WHAT IS REQUIRED: Find the lines below in which the string "assumes" occurs. Copy each one.

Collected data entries
==*==
lemma le_ln_add_exp_divide_minus_one:
  fixes y p :: real assumes "p > 0" shows "y \<le> ln p + exp y / p - 1"
  using ln_le_minus_one[of "exp y / p"] assms by (simp add: ln_div)

lemma (in prob_space) pos_of_nn_integral_exp_le:
  assumes "g \<in> borel_measurable M" "(\<integral>\<^sup>+x. ennreal (exp (g x)) \<partial>M) \<le> ennreal c"
  shows "0 < c"
proof (rule ccontr)
  assume "\<not> 0 < c"
  then have "(\<integral>\<^sup>+x. ennreal (exp (g x)) \<partial>M) = 0"
    using assms(2) by (simp add: ennreal_eq_0_iff[THEN iffD2] le_zero_eq)
  then have "AE x in M. False"
    using assms(1) by (subst (asm) nn_integral_0_iff_AE) auto
  then show False by simp
qed

text \<open>The witness is v = k (1 - f/c - ln c) with f the real-valued version of F:
  e^v f^k = (y e^(1-y))^k \<le> 1 for y = f/c, and E f \<le> c bounds E v from below.\<close>
lemma (in prob_space) exists_compensator_for_power:
  assumes F[measurable]: "F \<in> borel_measurable M" and F_int: "(\<integral>\<^sup>+x. F x \<partial>M) \<le> ennreal c"
    and "c > 0"
  obtains v where "v \<in> borel_measurable M" "integrable M v" "- real k * ln c \<le> (\<integral>x. v x \<partial>M)"
    "(\<integral>\<^sup>+x. ennreal (exp (v x)) * F x ^ k \<partial>M) \<le> 1"
proof
  define f where "f x = enn2real (F x)" for x
  define v where "v x = real k * (1 - f x / c - ln c)" for x
  have f_meas[measurable]: "f \<in> borel_measurable M" unfolding f_def by measurable
  have f_nn_int: "(\<integral>\<^sup>+x. ennreal (f x) \<partial>M) \<le> ennreal c"
  proof -
    have "ennreal (f x) \<le> F x" for x by (cases "F x" rule: ennreal_cases) (auto simp: f_def)
    then show ?thesis using F_int by (meson nn_integral_mono order_trans)
  qed
  have f_int: "integrable M f"
    using f_nn_int by (intro integrableI_nonneg) (auto simp: f_def intro: le_less_trans)
  have "(\<integral>x. f x \<partial>M) \<le> c"
    using f_nn_int \<open>c > 0\<close> by (subst integral_eq_nn_integral) (auto simp: f_def enn2real_leI)
  then have "0 \<le> real k * (1 - (\<integral>x. f x \<partial>M) / c)" using \<open>c > 0\<close> by simp
  then show "- real k * ln c \<le> (\<integral>x. v x \<partial>M)"
    unfolding v_def using f_int by (simp add: prob_space right_diff_distrib)
  show "v \<in> borel_measurable M" "integrable M v" unfolding v_def using f_int by auto
  have "AE x in M. F x \<noteq> \<infinity>"
    by (rule nn_integral_PInf_AE) (use F_int in \<open>auto simp: top_unique\<close>)
  then have "AE x in M. ennreal (exp (v x)) * F x ^ k \<le> 1"
  proof eventually_elim
    case (elim x)
    then have Fx: "F x = ennreal (f x)" by (simp add: f_def less_top)
    have f_nonneg: "0 \<le> f x" by (simp add: f_def)
    have exp_v: "exp (v x) = (exp (1 - f x / c) / c) ^ k"
      using \<open>c > 0\<close> by (simp add: v_def exp_of_nat_mult exp_diff)
    have swap: "exp (1 - f x / c) / c * f x = f x / c * exp (1 - f x / c)"
      by (simp add: divide_inverse)
    have "exp (v x) * f x ^ k = (f x / c * exp (1 - f x / c)) ^ k"
      unfolding exp_v power_mult_distrib[symmetric] swap ..
    also have "\<dots> \<le> 1"
      using mult_exp_one_minus_le_one[of "f x / c"] \<open>c > 0\<close>
      by (intro power_le_one) (auto simp: f_def)
    finally have "exp (v x) * f x ^ k \<le> 1" .
    moreover have "ennreal (exp (v x)) * F x ^ k = ennreal (exp (v x) * f x ^ k)"
      using f_nonneg by (simp add: Fx ennreal_power ennreal_mult)
    ultimately show ?case by (simp add: ennreal_leI)
  qed
  then have "(\<integral>\<^sup>+x. ennreal (exp (v x)) * F x ^ k \<partial>M) \<le> (\<integral>\<^sup>+x. 1 \<partial>M)"
    by (rule nn_integral_mono_AE)
  then show "(\<integral>\<^sup>+x. ennreal (exp (v x)) * F x ^ k \<partial>M) \<le> 1" by (simp add: emeasure_space_1)
qed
==*==
EXPECTED OUTPUT:
  fixes y p :: real assumes "p > 0" shows "y \<le> ln p + exp y / p - 1"
  assumes "g \<in> borel_measurable M" "(\<integral>\<^sup>+x. ennreal (exp (g x)) \<partial>M) \<le> ennreal c"
  assumes F[measurable]: "F \<in> borel_measurable M" and F_int: "(\<integral>\<^sup>+x. F x \<partial>M) \<le> ennreal c"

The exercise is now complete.